Дело в том, что, хотя они встречались еще не так долго, у него успел развиться в отношении Фаины инстинкт собственника. По его мнению, Фаину открыл он, а посему она принадлежала ему, целиком и полностью. И каждый представитель ее общины, на его взгляд, покушался на девушку. Они, конечно, не были такими красавчиками, как Борис, но зато обладали в глазах Фаины неоспоримым преимуществом – они верили в Бога. А позиции Бориса были довольно-таки шатки. Он зависел от воли Фаины, а они – нет. Больше того, это она от них зависела и им подчинялась.

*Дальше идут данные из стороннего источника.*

text \<open>The gradient formula holds only in the open rectangle, where the partial derivatives
  see \<open>w\<close> on both sides; the boundary is negligible.\<close>

lemma has_integral_grad_sq_bilinear:
  assumes "x1 \<le> x2" "y1 \<le> y2"
    and "\<forall>s t. (s, t) \<in> {x1..x2} \<times> {y1..y2} \<longrightarrow> w (s, t) = c0 + c1 * s + c2 * t + c3 * s * t"
  shows "(grad_sq w has_integral (x2 - x1) * (y2 - y1) *
     (affine_sq_mean (c1 + c3 * y1) (c1 + c3 * y2) + affine_sq_mean (c2 + c3 * x1) (c2 + c3 * x2)))
     ({x1..x2} \<times> {y1..y2})"
proof -
  let ?f = "\<lambda>p. (c1 + c3 * snd p)\<^sup>2 + (c2 + c3 * fst p)\<^sup>2"
  have "?f integrable_on cbox (x1, y1) (x2, y2)"
    by (intro integrable_continuous continuous_intros)
  then have f: "(?f has_integral integral ({x1..x2} \<times> {y1..y2}) ?f) ({x1..x2} \<times> {y1..y2})"
    by (simp add: cbox_real_pair has_integral_integral)
  have "(grad_sq w has_integral integral ({x1..x2} \<times> {y1..y2}) ?f) ({x1..x2} \<times> {y1..y2})"
    by (rule has_integral_spike[OF negligible_rect_boundary _ f])
      (use grad_sq_bilinear[OF _ _ _ _ assms(3)] in auto)
  then show ?thesis
    by (simp add: integral_rect_affine_sq_sum assms(1,2))
qed

lemma semi1hK_sq_bilinear:
  assumes "x1 < x2" "y1 < y2" "K = {x1..x2} \<times> {y1..y2}"
    and "\<forall>s t. (s, t) \<in> K \<longrightarrow> w (s, t) = c0 + c1 * s + c2 * t + c3 * s * t"
  shows "semi1hK_sq w K = (x2 - x1)\<^sup>2 * ((c1 + c3 * y1)\<^sup>2 + (c1 + c3 * y2)\<^sup>2)
                        + (y2 - y1)\<^sup>2 * ((c2 + c3 * x1)\<^sup>2 + (c2 + c3 * x2)\<^sup>2)"
proof -
  have diffs: "w (x2, y1) - w (x1, y1) = (x2 - x1) * (c1 + c3 * y1)"
       "w (x2, y2) - w (x2, y1) = (y2 - y1) * (c2 + c3 * x2)"
       "w (x2, y2) - w (x1, y2) = (x2 - x1) * (c1 + c3 * y2)"
       "w (x1, y2) - w (x1, y1) = (y2 - y1) * (c2 + c3 * x1)"
    using assms by (simp_all add: algebra_simps)
  show ?thesis
    unfolding semi1hK_sq_def rect_corners[OF assms(1-3)] Let_def diffs
    by (simp only: power_mult_distrib distrib_left[of "(x2 - x1)\<^sup>2"]
        distrib_left[of "(y2 - y1)\<^sup>2"] add_ac)
qed

lemma rect_energy_bounds:
  fixes hx hy g A B C D :: real
  assumes "0 < hx" "0 < hy" "hx \<le> g * hy" "hy \<le> g * hx"
  defines "E \<equiv> hx * hy * (affine_sq_mean A B + affine_sq_mean C D)"
    and "S \<equiv> hx\<^sup>2 * (A\<^sup>2 + B\<^sup>2) + hy\<^sup>2 * (C\<^sup>2 + D\<^sup>2)"
  shows "1 / (6 * g) * S \<le> E" "E \<le> g / 2 * S"
proof -
  have "0 < g"
    using assms(1-3) by (smt (verit) mult_nonpos_nonneg)
  have hx2: "hx\<^sup>2 \<le> g * (hx * hy)" and hy2: "hy\<^sup>2 \<le> g * (hx * hy)"
    using mult_left_mono[OF assms(3), of hx] mult_left_mono[OF assms(4), of hy] assms(1,2)
    by (simp_all add: power2_eq_square algebra_simps)
  have hxy: "hx * hy \<le> g * hx\<^sup>2" "hx * hy \<le> g * hy\<^sup>2"
    using mult_left_mono[OF assms(4), of hx] mult_left_mono[OF assms(3), of hy] assms(1,2)
    by (simp_all add: power2_eq_square algebra_simps)
  note M = affine_sq_mean_bounds
  have "S \<le> g * (hx * hy) * (A\<^sup>2 + B\<^sup>2) + g * (hx * hy) * (C\<^sup>2 + D\<^sup>2)"
    unfolding S_def using hx2 hy2 by (intro add_mono mult_right_mono) auto
  also have "\<dots> \<le> g * (hx * hy) * (6 * affine_sq_mean A B) + g * (hx * hy) * (6 * affine_sq_mean C D)"
    using M(1)[of A B] M(1)[of C D] \<open>0 < g\<close> assms(1,2) by (intro add_mono mult_left_mono) auto
  also have "\<dots> = 6 * g * E"
    by (simp add: E_def algebra_simps)
  finally show "1 / (6 * g) * S \<le> E"
    using \<open>0 < g\<close> by (simp add: field_simps)
  have "E \<le> hx * hy * ((A\<^sup>2 + B\<^sup>2) / 2) + hx * hy * ((C\<^sup>2 + D\<^sup>2) / 2)"
    unfolding E_def distrib_left using M(2)[of A B] M(2)[of C D] assms(1,2)
    by (intro add_mono mult_left_mono) auto
  also have "\<dots> \<le> g * hx\<^sup>2 * ((A\<^sup>2 + B\<^sup>2) / 2) + g * hy\<^sup>2 * ((C\<^sup>2 + D\<^sup>2) / 2)"
    using hxy by (intro add_mono mult_right_mono) auto
  also have "\<dots> = g / 2 * S"
    by (simp add: S_def field_simps)
  finally show "E \<le> g / 2 * S" .
qed

lemma element_seminorm_equivalence:
  assumes "x1 < x2" "y1 < y2" "K = {x1..x2} \<times> {y1..y2}" "diameter K / rho K \<le> g"
    and "\<forall>s t. (s, t) \<in> K \<longrightarrow> w (s, t) = c0 + c1 * s + c2 * t + c3 * s * t"
  shows "(grad_sq w has_integral semi1K_sq w K) K"
    "1 / (6 * g) * semi1hK_sq w K \<le> semi1K_sq w K" "semi1K_sq w K \<le> g / 2 * semi1hK_sq w K"
proof -
  define I where "I = (x2 - x1) * (y2 - y1) *
     (affine_sq_mean (c1 + c3 * y1) (c1 + c3 * y2) + affine_sq_mean (c2 + c3 * x1) (c2 + c3 * x2))"
  have "(grad_sq w has_integral I) K"
    unfolding I_def assms(3)
    by (rule has_integral_grad_sq_bilinear) (use assms in \<open>auto simp del: mem_Times_iff\<close>)
  moreover from this have "semi1K_sq w K = I"
    by (simp add: semi1K_sq_def integral_unique)
  ultimately show "(grad_sq w has_integral semi1K_sq w K) K"
    by simp
  have "x2 - x1 \<le> g * (y2 - y1)" "y2 - y1 \<le> g * (x2 - x1)"
    using rect_aspect_ratio_le[OF assms(1,2)] assms(3,4) by simp_all
  from rect_energy_bounds[OF _ _ this, of "c1 + c3 * y1" "c1 + c3 * y2" "c2 + c3 * x1" "c2 + c3 * x2"]
  show "1 / (6 * g) * semi1hK_sq w K \<le> semi1K_sq w K" "semi1K_sq w K \<le> g / 2 * semi1hK_sq w K"
    using assms(1,2) by (simp_all add: semi1hK_sq_bilinear[OF assms(1-3,5)] \<open>semi1K_sq w K = I\<close> I_def)
qed

lemma Uh_element_seminorm_equivalence:
  assumes "conforming_rect_partition T \<Omega>" "K \<in> T" "w \<in> Uh T \<Omega>" "diameter K / rho K \<le> g"
  shows "(grad_sq w has_integral semi1K_sq w K) K"
    "1 / (6 * g) * semi1hK_sq w K \<le> semi1K_sq w K" "semi1K_sq w K \<le> g / 2 * semi1hK_sq w K"
proof -
  obtain x1 x2 y1 y2 where rect: "x1 < x2" "y1 < y2" "K = {x1..x2} \<times> {y1..y2}"
    using assms(1,2) by (auto simp: conforming_rect_partition_def is_rect_def)
  obtain c0 c1 c2 c3
    where "\<forall>s t. (s, t) \<in> K \<longrightarrow> w (s, t) = c0 + c1 * s + c2 * t + c3 * s * t"
    using assms(2,3) by (fastforce simp: Uh_def Q1_def)
  from element_seminorm_equivalence[OF rect assms(4) this]
  show "(grad_sq w has_integral semi1K_sq w K) K"
    "1 / (6 * g) * semi1hK_sq w K \<le> semi1K_sq w K" "semi1K_sq w K \<le> g / 2 * semi1hK_sq w K" .
qed

lemma has_integral_Union_rects:
  fixes f :: "real \<times> real \<Rightarrow> 'a::banach"
  assumes "finite T" "\<forall>K\<in>T. is_rect K"
    and "\<forall>K\<in>T. \<forall>K'\<in>T. K \<noteq> K' \<longrightarrow> interior K \<inter> interior K' = {}"
    and "\<And>K. K \<in> T \<Longrightarrow> (f has_integral i K) K"
  shows "(f has_integral (\<Sum>K\<in>T. i K)) (\<Union>T)"
proof (rule has_integral_Union)
  show "finite T" "\<And>K. K \<in> T \<Longrightarrow> (f has_integral i K) K"
    using assms(1,4) by auto
  show "pairwise (\<lambda>K K'. negligible (K \<inter> K')) T"
  proof (rule pairwiseI)
    fix K K' assume "K \<in> T" "K' \<in> T" "K \<noteq> K'"
    then have "K \<inter> K' \<subseteq> (K - interior K) \<union> (K' - interior K')"
      using assms(3) by blast
    moreover have "negligible ((K - interior K) \<union> (K' - interior K'))"
      using \<open>K \<in> T\<close> \<open>K' \<in> T\<close> assms(2) by (simp add: negligible_Un negligible_rect_minus_interior)
    ultimately show "negligible (K \<inter> K')"
      by (rule negligible_subset[rotated])
  qed
qed

lemma semi1_sq_eq_sum:
  assumes "conforming_rect_partition T \<Omega>" "convex \<Omega>"
    and "\<And>K. K \<in> T \<Longrightarrow> (grad_sq w has_integral semi1K_sq w K) K"
  shows "(semi1 w \<Omega>)\<^sup>2 = (\<Sum>K\<in>T. semi1K_sq w K)"
proof -
  have "(grad_sq w has_integral (\<Sum>K\<in>T. semi1K_sq w K)) (closure \<Omega>)"
    using assms(1,3) has_integral_Union_rects[of T "grad_sq w" "semi1K_sq w"]
    by (auto simp: conforming_rect_partition_def)
  then have "(grad_sq w has_integral (\<Sum>K\<in>T. semi1K_sq w K)) \<Omega>"
    using negligible_convex_frontier[OF assms(2)] by (simp add: has_integral_closure)
  moreover have "0 \<le> semi1K_sq w K" if "K \<in> T" for K
    by (rule has_integral_nonneg[OF assms(3)[OF that]]) (simp add: grad_sq_def)
  ultimately show ?thesis
    by (simp add: semi1_def integral_unique sum_nonneg)
qed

Вместе с картошкой она вымыла и поставила вариться рис. На этом их основная работа заканчивалась – в готовое пюре надо будет выложить сардины в масле, а в рис накрошить вареных яиц и смазать маргарином. Но Борис и Фаина из кухни не ушли. Они продолжали сидеть за столом, в фартуках, глядя друг на друга: Борис – ласково, Фаина – недоверчиво, но не испуганно. А чего ей бояться – у себя дома, да еще на кухне, где так много оружия защиты, если, конечно, она решится им воспользоваться. Да и он, Борис, вроде бы и не собирается нападать. И вообще, он стал вести себя не так несносно, с тех пор, как она позволила ему за ней ухаживать. Это странно – надо держать ухо востро.

– Где ты училась рисовать? – спросил Борис.

– Нигде, – ответила она. – Знаешь, в школе никто никогда не замечал, что у меня, может быть, есть какие-нибудь способности. Учитель рисования ничем меня не выделял среди других. А может быть, даже скорее всего, тогда во мне не было никаких способностей. Они проявились только в те дни, когда храм в Разовке начали восстанавливать. Для росписи к нам прислали художницу с высшим образованием, она училась где-то в академии, в Москве. Кроме того, она еще и хорошо поет в нашем хоре. Я смотрела за ее работой, и вдруг… Наверное, именно это и называют вдохновением! У меня как будто открылись глаза, я очень ясно увидела, что хочу изобразить и как это сделать. Наша художница одобрила мои попытки и с тех пор помогает мне, всегда подсказывает. Я поняла, что это – мой путь. Он приближает меня к Богу, может быть, даже лучше, чем молитва. Я мечтаю когда-нибудь создать цикл икон для разовского храма.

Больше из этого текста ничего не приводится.